Und wenn es Moser weiter weg führt? Der Master-Student muss einmal die Woche zu seinem Werkstudenten-Job am Wuppertal Institut für Klima, Umwelt, Energie, ansonsten arbeitet er von zu Hause aus. „Nach Wuppertal fahr ich mit dem Zug“, sagt Moser. Als Stadtradel-Star will er während der Aktion aber auch mindestens einmal dorthin radeln. Vorgeschlagen wurde Moser als Stadtradel-Star von seiner Vorgängerin Dagmar Schmitz. „Ich habe einfach mal bei den Grünen nachgefragt, ob die jemanden kennen“, sagt sie.

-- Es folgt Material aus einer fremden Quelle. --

lemma poly_schedule_rhs_le:
  fixes A0 \<theta> c1 c2 D :: real and ell :: nat
  defines "\<eta> \<equiv> poly_schedule ell \<theta>"
  assumes A0: "0 < A0" and \<theta>: "0 < \<theta>" "\<theta> < 1" and ell: "0 < ell"
    and c: "0 \<le> c1" "0 \<le> c2" and D: "1 \<le> D"
  shows "\<forall>\<^sub>F k in sequentially.
    c1 * (\<eta> 0)\<^sup>2 * exp (- A0 * Tk \<eta> k)
      + c2 * D * integral {0..Tk \<eta> k} (\<lambda>s. exp (- A0 * (Tk \<eta> k - s)) * step_profile \<eta> s)
    \<le> (c1 + c2 * (1 + 4 / A0)) * D * (1 / real k) powr (2 * \<theta>)"
  using poly_schedule_discounted_bounds[OF A0 \<theta> ell] unfolding \<eta>_def[symmetric]
proof eventually_elim
  case (elim k)
  define q where "q = (1 / real k) powr (2 * \<theta>)"
  have "c1 * (\<eta> 0)\<^sup>2 * exp (- A0 * Tk \<eta> k)
      + c2 * D * integral {0..Tk \<eta> k} (\<lambda>s. exp (- A0 * (Tk \<eta> k - s)) * step_profile \<eta> s)
    \<le> c1 * q + c2 * D * ((1 + 4 / A0) * q)"
    using elim c D unfolding q_def mult.assoc by (intro add_mono mult_left_mono) auto
  also have "\<dots> \<le> (c1 + c2 * (1 + 4 / A0)) * D * q"
    using mult_left_mono[OF D, of "c1 * q"] c unfolding q_def by (simp add: algebra_simps)
  finally show ?case unfolding q_def .
qed

theorem corollary3p10:
  fixes M :: "'w measure" and N :: "'x measure"
    and U :: "'x \<Rightarrow> 'a::euclidean_space \<Rightarrow> real"
    and bx :: "'x \<Rightarrow> 'a \<Rightarrow> 'a" and Dbx :: "'x \<Rightarrow> 'a \<Rightarrow> 'a \<Rightarrow> 'a"
    and b :: "'a \<Rightarrow> 'a"
    and W :: "real \<Rightarrow> 'w \<Rightarrow> 'a" and \<xi> :: "nat \<Rightarrow> 'w \<Rightarrow> 'x" and X0 :: "'w \<Rightarrow> 'a"
    and X :: "real \<Rightarrow> 'w \<Rightarrow> 'a" and \<rho>0 :: "'a \<Rightarrow> real"
    and \<beta> L L2 \<mu> \<sigma> lam CLS \<Delta>0 \<theta> :: real and ell :: nat and \<eta> :: "nat \<Rightarrow> real"
  assumes beta: "\<beta> > 0"
    and probM: "prob_space M" and probN: "prob_space N"
    \<comment> \<open>U(.;xi) differentiable with b^xi = - grad U(.;xi)\<close>
    and U_grad: "\<forall>z x. GDERIV (U z) x :> - bx z x"
    and U_int: "\<forall>x. integrable N (\<lambda>z. U z x)"
    \<comment> \<open>b = - grad U, U(x) = E U(x;xi)\<close>
    and Ubar_grad: "\<forall>x. GDERIV (\<lambda>y. \<integral>z. U z y \<partial>N) x :> - b x"
    and Z_int: "integrable lborel (\<lambda>x. exp (- \<beta> * (\<integral>z. U z x \<partial>N)))"
    \<comment> \<open>Assumption A\<close>
    and pos_const: "L > 0" "L2 > 0" "\<mu> > 0" "\<sigma> > 0"
    and A_a: "AE z in N. \<forall>x y. norm (bx z x - bx z y) \<le> L * norm (x - y)"
    and A_b: "AE z in N. (\<forall>x. (bx z has_derivative Dbx z x) (at x)) \<and>
               (\<forall>x y. onorm (\<lambda>h. Dbx z x h - Dbx z y h)
                        \<le> L2 / sqrt (real DIM('a)) * norm (x - y))"
    and A_c: "AE z in N. \<forall>x. x \<bullet> bx z x \<le> - \<mu> * (norm x)\<^sup>2 + \<sigma>"
    and A_d: "\<exists>C. AE z in N. \<forall>x. norm (bx z x - b x) \<le> C"
    \<comment> \<open>Assumption B\<close>
    and rho0_meas: "\<rho>0 \<in> borel_measurable borel" and rho0_nn: "\<forall>x. \<rho>0 x \<ge> 0"
    and lam: "lam \<ge> 1"
    and B_a: "\<forall>x. 1 / lam \<le> \<rho>0 x / gibbs_density \<beta> (\<lambda>y. \<integral>z. U z y \<partial>N) x \<and>
                  \<rho>0 x / gibbs_density \<beta> (\<lambda>y. \<integral>z. U z y \<partial>N) x \<le> lam"
    and B_b: "log_sobolev
               (density lborel (\<lambda>x. ennreal (gibbs_density \<beta> (\<lambda>y. \<integral>z. U z y \<partial>N) x))) CLS"
    \<comment> \<open>randomness: Brownian motion, i.i.d. xi_k with law nu, X0 with density rho0, all independent\<close>
    and BM: "brownian_motion M W"
    and xi_meas: "\<forall>k. \<xi> k \<in> measurable M N"
    and xi_law: "\<forall>k. distr M N (\<xi> k) = N"
    and X0_meas: "X0 \<in> borel_measurable M"
    and X0_law: "distr M borel X0 = density lborel (\<lambda>x. ennreal (\<rho>0 x))"
    and indep: "prob_space.indep_sets M
       (\<lambda>i. case i of
           None \<Rightarrow> {X0 -` A \<inter> space M | A. A \<in> sets borel}
         | Some None \<Rightarrow> sigma_sets (space M) (\<Union>t\<in>{0..}. {W t -` A \<inter> space M | A. A \<in> sets borel})
         | Some (Some k) \<Rightarrow> {\<xi> k -` A \<inter> space M | A. A \<in> sets N}) UNIV"
    \<comment> \<open>Langevin diffusion (additive noise, pathwise integral form), X_0 ~ rho0\<close>
    and X_cont: "\<forall>\<omega>\<in>space M. continuous_on {0..} (\<lambda>t. X t \<omega>)"
    and X_eq: "\<forall>\<omega>\<in>space M. \<forall>t\<ge>0.
       X t \<omega> = X0 \<omega> + integral {0..t} (\<lambda>s. b (X s \<omega>)) + sqrt (2 / \<beta>) *\<^sub>R W t \<omega>"
    \<comment> \<open>Delta_0 is the constant of Theorem 3.7\<close>
    and Delta0: "\<Delta>0 > 0"
    and thm37: "thm37_bound M \<beta> bx \<xi> W X0 X \<Delta>0"
    \<comment> \<open>the polynomially decaying schedule\<close>
    and theta: "0 < \<theta>" "\<theta> < 1"
    and ell_pos: "ell > 0" "real ell powr (- \<theta>) \<le> \<Delta>0"
    and eta: "\<forall>i. \<eta> i = real (ell + i) powr (- \<theta>)"
  shows "\<exists>k0::nat. k0 > 0 \<and> (\<exists>c>0. \<forall>k>k0.
           DKL (distr M borel (sgld \<beta> \<eta> bx \<xi> W X0 k)) (distr M borel (X (Tk \<eta> k)))
             \<le> ereal (c * real DIM('a) * (1 / real k) powr (2 * \<theta>)))"
proof -
  have \<eta>: "\<eta> = poly_schedule ell \<theta>" using eta by (auto simp: poly_schedule_def)
  have admissible: "\<forall>i. 0 < \<eta> i" "decseq \<eta>" "\<eta> 0 \<le> \<Delta>0"
    using poly_schedule_pos[OF ell_pos(1)] poly_schedule_decseq[OF ell_pos(1)] theta ell_pos(2)
    by (auto simp: \<eta> poly_schedule_def)
  obtain A0 c1 c2 where A0: "0 < A0" and c1: "0 < c1" and c2: "0 < c2" and thm37_bound:
    "\<And>\<eta>'. \<forall>i. 0 < \<eta>' i \<Longrightarrow> decseq \<eta>' \<Longrightarrow> \<eta>' 0 \<le> \<Delta>0 \<Longrightarrow>
      \<forall>k. DKL (distr M borel (sgld \<beta> \<eta>' bx \<xi> W X0 k)) (distr M borel (X (Tk \<eta>' k)))
        \<le> ereal (c1 * (\<eta>' 0)\<^sup>2 * exp (- A0 * Tk \<eta>' k) + c2 * real DIM('a) *
            integral {0..Tk \<eta>' k} (\<lambda>s. exp (- A0 * (Tk \<eta>' k - s)) * step_profile \<eta>' s))"
    using thm37 unfolding thm37_bound_def by blast
  have dim: "1 \<le> real DIM('a)" by (simp add: DIM_positive Suc_leI)
  obtain N where N: "\<And>k. N \<le> k \<Longrightarrow>
      c1 * (\<eta> 0)\<^sup>2 * exp (- A0 * Tk \<eta> k) + c2 * real DIM('a) *
        integral {0..Tk \<eta> k} (\<lambda>s. exp (- A0 * (Tk \<eta> k - s)) * step_profile \<eta> s)
      \<le> (c1 + c2 * (1 + 4 / A0)) * real DIM('a) * (1 / real k) powr (2 * \<theta>)"
    using poly_schedule_rhs_le[OF A0 theta ell_pos(1) less_imp_le[OF c1] less_imp_le[OF c2] dim]
    unfolding \<eta> eventually_sequentially by blast
  show ?thesis
  proof (intro exI conjI allI impI)
    fix k assume "Suc N < k"
    then show "DKL (distr M borel (sgld \<beta> \<eta> bx \<xi> W X0 k)) (distr M borel (X (Tk \<eta> k)))
      \<le> ereal ((c1 + c2 * (1 + 4 / A0)) * real DIM('a) * (1 / real k) powr (2 * \<theta>))"
      using thm37_bound[OF admissible, rule_format, of k] N[of k] by (auto intro: order_trans)
  qed (use c1 c2 A0 in \<open>auto simp: add_pos_pos\<close>)
qed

So kam der Kontakt zu Moser zustande, der zwar nicht bei den Grünen aktiv ist, aber dort wegen seines fahrradpolitischen Engagements durchaus bekannt ist.

Etwa war Moser stark daran beteiligt, die Volksinitiative „Aufbruch Fahrrad“ nach Witten zu bringen, die ein Fahrrad-Gesetz und eine Mobilitätswende in NRW fordert. Bis zum 1. Mai konnte man für die Initiative an verschiedenen Orten in Witten unterschreiben, im Juli werden Ergebnisse erwartet.

Kaufprämie fürs Lastenrad

Auch hat Moser bereits Infoveranstaltungen im Wiesenviertel zum Thema Lastenrad angeboten. „Dabei ging es um die Kaufprämie von 1000 Euro, die man vom Land für ein Lastenrad bekommt“, erzählt Moser – also ein Fünftel vom Preis, den er für sein Rad bezahlt hat. „Man bekommt aber schon welche ab 1800 Euro. Nur haben die für die Wittener Straßen nicht die besten Bremsen.“

Wenn es nur die ein oder andere holprige Straße wäre: Moser ärgert sich auch über zu enge Radwege, nimmt öfter lieber Schleichwege als mit seinem Rad über Straßen wie die Ruhrstraße zu manövrieren – aber sein Blick geht eher nach vorn. Zum Beispiel auf den Verkehrsausschuss am Donnerstag. Dort wird ab 17 Uhr das neue Radverkehrskonzept besprochen und über E-Mobilität diskutiert. Fehlt nur noch ein Tagesordnungspunkt über Lastenräder.